События тех лет показали, что произошла метаморфоза. Она произошла на многих уровнях и затронула все человечество: и экзекуторов, и их жертвы. Первые слишком спешили сделаться экзекуторами, вторые — слишком готовы были принять роль жертв. Сколько для этого потребовалось времени? Ночь? Неделя? Или больше? Год, например, а может быть, три. Время — менее существенный фактор, чем человеческая способность отрекаться от собственного я. Для жертвы «концентрационной» системы более не имело значения, был ли он человеком умственного или физического труда, мрачным студентом или обожаемым супругом. Немного побоев, немного криков — и вот он уже чистый лист, полное исчезновение самоидентификации. Он больше не думает, как думал прежде, не смотрит людям прямо в глаза, да и его собственные глаза изменились. Лагерные законы и лагерная правда заменили все остальные правила и все истины, а заключенному не осталось ничего, как только подчиняться. Будучи голоден, он думал о супе, а не о бессмертии.

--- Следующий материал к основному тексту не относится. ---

lemma pair_count_pos_iff:
  assumes "finite A" "finite B"
  shows "0 < pair_count G A B z \<longleftrightarrow> (\<exists>x\<in>A. \<exists>y\<in>B. x \<otimes>\<^bsub>G\<^esub> y = z)"
proof -
  have "finite {(x, y). x \<in> A \<and> y \<in> B \<and> x \<otimes>\<^bsub>G\<^esub> y = z}"
    by (rule finite_subset[of _ "A \<times> B"]) (use assms in auto)
  then show ?thesis unfolding pair_count_def by (auto simp: card_gt_0_iff)
qed

lemma pair_count_inverse_pair_le_1:
  fixes G (structure)
  assumes "group G" "g \<in> carrier G" "group.ord G g \<noteq> 4" "z \<noteq> \<one>"
  shows "pair_count G {g, inv g} {g, inv g} z \<le> 1"
proof -
  interpret group G by fact
  define P where "P = {(x, y). x \<in> {g, inv g} \<and> y \<in> {g, inv g} \<and> x \<otimes> y = z}"
  have P_sub: "P \<subseteq> {(g, g), (inv g, inv g)}"
    unfolding P_def using assms(2,4) by auto
  have "\<not> ((g, g) \<in> P \<and> (inv g, inv g) \<in> P)"
    using ord_eq_4_if_square_eq_inverse_square[OF assms(1,2)] assms(3,4) unfolding P_def by auto
  then obtain p where "P \<subseteq> {p}" using P_sub by blast
  then have "card P \<le> 1" using card_mono[of "{p}" P] by simp
  then show ?thesis unfolding pair_count_def P_def .
qed
lemma many_vertices_of_high_degree:
  fixes R :: "'a \<Rightarrow> 'b \<Rightarrow> bool" and \<epsilon> :: real
  assumes "finite A" "finite B" "B \<noteq> {}" "0 \<le> \<epsilon>"
    and "\<epsilon> * card A * card B \<le> card {(a, b) \<in> A \<times> B. R a b}"
  shows "\<epsilon> / 2 * card A \<le> card {a\<in>A. \<epsilon> * card B / 2 \<le> card {b\<in>B. R a b}}"
proof -
  define G where "G = {a\<in>A. \<epsilon> * card B / 2 \<le> card {b\<in>B. R a b}}"
  define deg where "deg a = real (card {b\<in>B. R a b})" for a
  have "G \<subseteq> A"
    unfolding G_def by auto
  have "\<epsilon> * card A * card B \<le> (\<Sum>a\<in>A. deg a)"
    using assms(5) unfolding deg_def card_pairs_eq_sum_card[OF assms(1,2)] by simp
  also have "\<dots> = (\<Sum>a\<in>A - G. deg a) + (\<Sum>a\<in>G. deg a)"
    by (rule sum.subset_diff[OF \<open>G \<subseteq> A\<close> assms(1)])
  also have "\<dots> \<le> (\<Sum>a\<in>A - G. \<epsilon> * card B / 2) + (\<Sum>a\<in>G. real (card B))"
    unfolding deg_def G_def using assms(2) by (intro add_mono sum_mono) (auto intro: card_mono)
  also have "\<dots> \<le> card A * (\<epsilon> * card B / 2) + card G * card B"
    using assms(1,4) \<open>G \<subseteq> A\<close> by (simp add: card_Diff_subset card_mono mult_right_mono)
  finally have "\<epsilon> / 2 * card A * card B \<le> card G * card B"
    by (simp add: algebra_simps)
  then show ?thesis
    using assms(2,3) unfolding G_def by (simp add: card_gt_0_iff)
qed

lemma common_neighbours_of_density:
  fixes R :: "'a \<Rightarrow> 'b \<Rightarrow> bool" and \<epsilon> :: real
  assumes "finite A" "A \<noteq> {}" "finite B" "B \<noteq> {}" "0 < \<epsilon>" "4 * n \<le> \<epsilon> * card B"
    and "\<epsilon> * card A * card B \<le> card {(a, b) \<in> A \<times> B. R a b}"
  shows "\<exists>F\<subseteq>B. card F = n \<and>
           (\<exists>A'\<subseteq>A. \<epsilon> / 2 * (\<epsilon> / 4) ^ n * card A \<le> card A' \<and> (\<forall>a\<in>A'. \<forall>b\<in>F. R a b))"
proof -
  define d where "d = \<epsilon> * card B / 2"
  define G where "G = {a\<in>A. d \<le> card {b\<in>B. R a b}}"
  have G_large: "\<epsilon> / 2 * card A \<le> card G"
    unfolding G_def d_def using assms by (intro many_vertices_of_high_degree) auto
  moreover have "0 < \<epsilon> / 2 * card A"
    using assms(1,2,5) by (simp add: card_gt_0_iff)
  ultimately have "G \<noteq> {}"
    by auto
  have "G \<subseteq> A" "finite G"
    unfolding G_def using assms(1) by auto
  have "n \<le> d"
    using assms(6) unfolding d_def by linarith
  moreover have "\<And>a. a \<in> G \<Longrightarrow> d \<le> card {b\<in>B. R a b}"
    unfolding G_def by auto
  ultimately have "\<exists>F\<subseteq>B. card F = n \<and>
      (\<exists>A'\<subseteq>G. card G * ((d - n) / card B) ^ n \<le> card A' \<and> (\<forall>a\<in>A'. \<forall>b\<in>F. R a b))"
    by (rule common_neighbours_of_min_degree[OF \<open>finite G\<close> \<open>G \<noteq> {}\<close> assms(3) order_refl])
  then obtain F A' where F: "F \<subseteq> B" "card F = n"
    and A': "A' \<subseteq> G" "card G * ((d - n) / card B) ^ n \<le> card A'" "\<forall>a\<in>A'. \<forall>b\<in>F. R a b"
    by blast
  have "\<epsilon> / 4 \<le> (d - n) / card B"
    using assms(3,4,6) unfolding d_def by (simp add: field_simps card_gt_0_iff)
  then have "(\<epsilon> / 4) ^ n \<le> ((d - n) / card B) ^ n"
    using assms(5) by (intro power_mono) auto
  with G_large have "\<epsilon> / 2 * card A * (\<epsilon> / 4) ^ n \<le> card G * ((d - n) / card B) ^ n"
    using assms(5) by (intro mult_mono) auto
  then show ?thesis
    using F A' \<open>G \<subseteq> A\<close> by (intro exI[of _ F] conjI exI[of _ A']) (auto simp: mult_ac)
qed

lemma common_point_of_dense_triple_family:
  fixes S :: "'i \<Rightarrow> 'j \<Rightarrow> 'k \<Rightarrow> 'x set" and \<delta> c :: real and n :: nat
  defines "c \<equiv> \<delta> / 2 * (\<delta> / 4) ^ n"
  assumes "finite I" "I \<noteq> {}" "finite J" "J \<noteq> {}" "finite K" "K \<noteq> {}"
    and "finite X" "X \<noteq> {}" "0 < \<delta>"
    and large: "4 * n \<le> \<delta> * card K" "4 * n \<le> c * card J" "n \<le> c / 2 * (c / 4) ^ n * card I"
    and dense: "\<And>i j k. i \<in> I \<Longrightarrow> j \<in> J \<Longrightarrow> k \<in> K \<Longrightarrow> S i j k \<subseteq> X \<and> \<delta> * card X \<le> card (S i j k)"
  shows "\<exists>x\<in>X. \<exists>I'\<subseteq>I. \<exists>J'\<subseteq>J. \<exists>K'\<subseteq>K. n \<le> card I' \<and> card J' = n \<and> card K' = n \<and>
           (\<forall>i\<in>I'. \<forall>j\<in>J'. \<forall>k\<in>K'. x \<in> S i j k)"
proof -
  let ?P = "(I \<times> J) \<times> K"
  obtain x where "x \<in> X"
    and x: "\<delta> * card ?P \<le> card {p\<in>?P. x \<in> S (fst (fst p)) (snd (fst p)) (snd p)}"
    using exists_point_in_many_sets[of X ?P "\<lambda>p. S (fst (fst p)) (snd (fst p)) (snd p)" \<delta>] assms
    by auto
  have "{p\<in>?P. x \<in> S (fst (fst p)) (snd (fst p)) (snd p)} =
      {(ij, k) \<in> (I \<times> J) \<times> K. x \<in> S (fst ij) (snd ij) k}"
    by auto
  with x have "\<delta> * card (I \<times> J) * card K \<le> card {(ij, k) \<in> (I \<times> J) \<times> K. x \<in> S (fst ij) (snd ij) k}"
    by (simp add: card_cartesian_product)
  then obtain K' G where K': "K' \<subseteq> K" "card K' = n"
    and G: "G \<subseteq> I \<times> J" "c * card (I \<times> J) \<le> card G" "\<forall>ij\<in>G. \<forall>k\<in>K'. x \<in> S (fst ij) (snd ij) k"
    using common_neighbours_of_density[of "I \<times> J" K \<delta> n "\<lambda>ij k. x \<in> S (fst ij) (snd ij) k"] assms
    unfolding c_def by auto
  have "{(i, j) \<in> I \<times> J. (i, j) \<in> G} = G"
    using G(1) by auto
  with G(2) have "c * card I * card J \<le> card {(i, j) \<in> I \<times> J. (i, j) \<in> G}"
    by (simp add: card_cartesian_product mult.assoc)
  moreover have "0 < c"
    using \<open>0 < \<delta>\<close> unfolding c_def by simp
  ultimately obtain J' I' where J': "J' \<subseteq> J" "card J' = n"
    and I': "I' \<subseteq> I" "c / 2 * (c / 4) ^ n * card I \<le> card I'" "\<forall>i\<in>I'. \<forall>j\<in>J'. (i, j) \<in> G"
    using common_neighbours_of_density[of I J c n "\<lambda>i j. (i, j) \<in> G"] assms
    by auto
  have "n \<le> card I'"
    using I'(2) large(3) by linarith
  moreover have "\<forall>i\<in>I'. \<forall>j\<in>J'. \<forall>k\<in>K'. x \<in> S i j k"
    using I'(3) G(3) by fastforce
  ultimately show ?thesis
    using \<open>x \<in> X\<close> I'(1) J' K' by blast
qed
lemma propagate_sound:
  assumes "alternating \<phi>" "satisfies V \<phi> c" "sound \<phi> so"
  shows "sound \<phi> (propagate V c so)"
proof (cases c)
  case (Facet F)
  define ws where "ws = filter (\<lambda>x. x \<notin> set F) V"
  define ms where "ms = map (\<lambda>y. monomial (F @ [hd ws]) (F @ [y])) (tl ws)"
  have "0 < monomial_value \<phi> (monomial (F @ [hd ws]) (F @ [y]))" if "y \<in> set (tl ws)" for y
  proof -
    have "ws \<noteq> []" using that by auto
    then have "hd ws \<in> set ws" "y \<in> set ws" using that by (auto intro: list.set_sel)
    then have "hd ws \<in> set V - set F" "y \<in> set V - set F" by (auto simp: ws_def)
    then show ?thesis using assms(2) Facet by (simp add: monomial_value_monomial[OF assms(1)])
  qed
  then have "\<forall>m \<in> set (ms @ ms). 0 < monomial_value \<phi> m" by (simp add: ms_def)
  with assms(3) have "sound \<phi> (fold add_positive (ms @ ms) so)" by (rule fold_add_positive_sound)
  then show ?thesis using Facet by (simp add: ms_def ws_def Let_def)
next
  case (Plucker a p q r s)
  let ?m1 = "monomial (a @ [p, q]) (a @ [r, s])"
  let ?m2 = "scale_monomial (- 1) (monomial (a @ [p, r]) (a @ [q, s]))"
  let ?m3 = "monomial (a @ [p, s]) (a @ [q, r])"
  have nz: "fst ?m1 \<noteq> 0" "fst ?m2 \<noteq> 0" "fst ?m3 \<noteq> 0"
    by (simp_all add: monomial_coefficient_nonzero fst_scale_monomial)
  have "monomial_value \<phi> ?m1 + monomial_value \<phi> ?m2 + monomial_value \<phi> ?m3 = 0"
    using assms(2) Plucker by (simp add: monomial_value_scale monomial_value_monomial[OF assms(1)])
  then show ?thesis
    using assms(3) Plucker nz by (simp add: Let_def add_zero_sum_sound)
qed

definition refutes :: "'a::linorder list \<Rightarrow> 'a constraint list \<Rightarrow> 'a sign_table \<Rightarrow> bool" where
  "refutes V cs \<sigma> \<longleftrightarrow> fold (propagate V) cs (Some \<sigma>) = None"

theorem refutes_sound:
  assumes "alternating \<phi>" "\<forall>c \<in> set cs. satisfies V \<phi> c" "sound \<phi> (Some \<sigma>)"
  shows "\<not> refutes V cs \<sigma>"
proof -
  have "sound \<phi> (fold (propagate V) cs so)" if "sound \<phi> so" for so
    using assms(2) that by (induction cs arbitrary: so) (auto intro: propagate_sound[OF assms(1)])
  then show ?thesis using assms(3) unfolding refutes_def by (metis sound.simps(1))
qed

lemma alternating_uminus: "alternating \<phi> \<Longrightarrow> alternating (\<lambda>xs. - \<phi> xs)"
  unfolding alternating_def by (metis minus_minus)

lemma satisfies_uminus: "satisfies V (\<lambda>xs. - \<phi> xs) c \<longleftrightarrow> satisfies V \<phi> c"
  by (cases c) simp_all

lemma satisfies_Facet_nonzero:
  assumes "alternating \<phi>" "satisfies V \<phi> (Facet F)" "x \<in> set V - set F"
  shows "\<phi> (snd (sort_signed (F @ [x]))) \<noteq> 0"
proof -
  have "0 < \<phi> (F @ [x]) * \<phi> (F @ [x])" using assms(2,3) by simp
  then have "\<phi> (F @ [x]) \<noteq> 0" by auto
  then show ?thesis
    using alternating_sort_signed[OF assms(1), of "[]" "F @ [x]"] by (metis append_Nil mult_zero_right)
qed

section \<open>Brackets of five points in \<open>\<real>\<^sup>4\<close>\<close>

definition matrix4 :: "real^4 \<Rightarrow> real^4 \<Rightarrow> real^4 \<Rightarrow> real^4 \<Rightarrow> real^4^4" where
  "matrix4 u v w z = (\<chi> i. if i = 1 then u else if i = 2 then v else if i = 3 then w else z)"

lemma det_matrix4:
  "det (matrix4 u v w z) =
     (u$1 * v$2 - u$2 * v$1) * (w$3 * z$4 - w$4 * z$3) - (u$1 * v$3 - u$3 * v$1) * (w$2 * z$4 - w$4 * z$2)
   + (u$1 * v$4 - u$4 * v$1) * (w$2 * z$3 - w$3 * z$2) + (u$2 * v$3 - u$3 * v$2) * (w$1 * z$4 - w$4 * z$1)
   - (u$2 * v$4 - u$4 * v$2) * (w$1 * z$3 - w$3 * z$1) + (u$3 * v$4 - u$4 * v$3) * (w$1 * z$2 - w$2 * z$1)"
proof -
  have f1: "finite {2::4, 3, 4}" "1 \<notin> {2::4, 3, 4}" by auto
  have f2: "finite {3::4, 4}" "2 \<notin> {3::4, 4}" by auto
  have f3: "finite {4::4}" "3 \<notin> {4::4}" by auto
  show ?thesis
    unfolding det_def UNIV_4 sum_over_permutations_insert[OF f1] sum_over_permutations_insert[OF f2]
      sum_over_permutations_insert[OF f3] permutes_sing
    by (simp add: sign_swap_id permutation_swap_id permutation_compose sign_compose sign_id swap_id_eq
        matrix4_def algebra_simps)
qed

После изнурительного ночного этапа мечтал об отдыхе, а не о милосердии. Неужели это все, что составляет удел человека?
Люди силились понять: почему экзекуторов завораживало преступление, а жертвы — смерть, и чем была вымощена дорога в Освенцим. Объяснения менялись в зависимости от исходных теорий, которые учитывали множество разных факторов — от политики до психологии масс, но ни одно не убеждало. Это походило на пробуждение перед стеной мрака. Освенцим свел человека к нулю, даже к еще меньшей величине. А послевоенное поколение испытывало боль и страдание. Ему необходимо было разгадать загадку, назвать по имени силу, ввергающую человека в пучину хаоса, определить природу человеческого падения. Чтобы утолить свою пытливость, следовало бы опросить множество экзекуторов и еще большее количество мертвецов. Но первые слишком давно скрылись из виду, а вторые все еще не обрели могил.
И тогда мы обратились к жертвам — к тем из них, кто выжил. Попросили их обнаружить свое присутствие, покопаться в самых глубинных уголках своего прежнего бытия и рассказывать — рассказывать снова и снова, вплоть до полного изнеможения и дальше: до запредельного исступления. Как оно было? Как это убийцы на самом деле были столь многочисленны и столь сознательно исполняли поставленную перед ними задачу? И машина действительно работала так эффективно? Это вправду был особый мир со своими богами и священнослужителями, своими принципами и законами, своими философами и их учениками? Но тогда как, как же вам удалось выжить? Искусство выживания было известно вам еще до того? И как же вы сохранили вменяемость? А сегодня — как вы можете спать, работать, ходить в ресторан, в кино? Как это вы можете общаться с людьми и есть с ними за одним столом?
Людям хотелось узнать все, получить ответы на все вопросы, чтобы ничего не осталось скрытым в темноте. Ведь именно таинственность пугала их больше всего.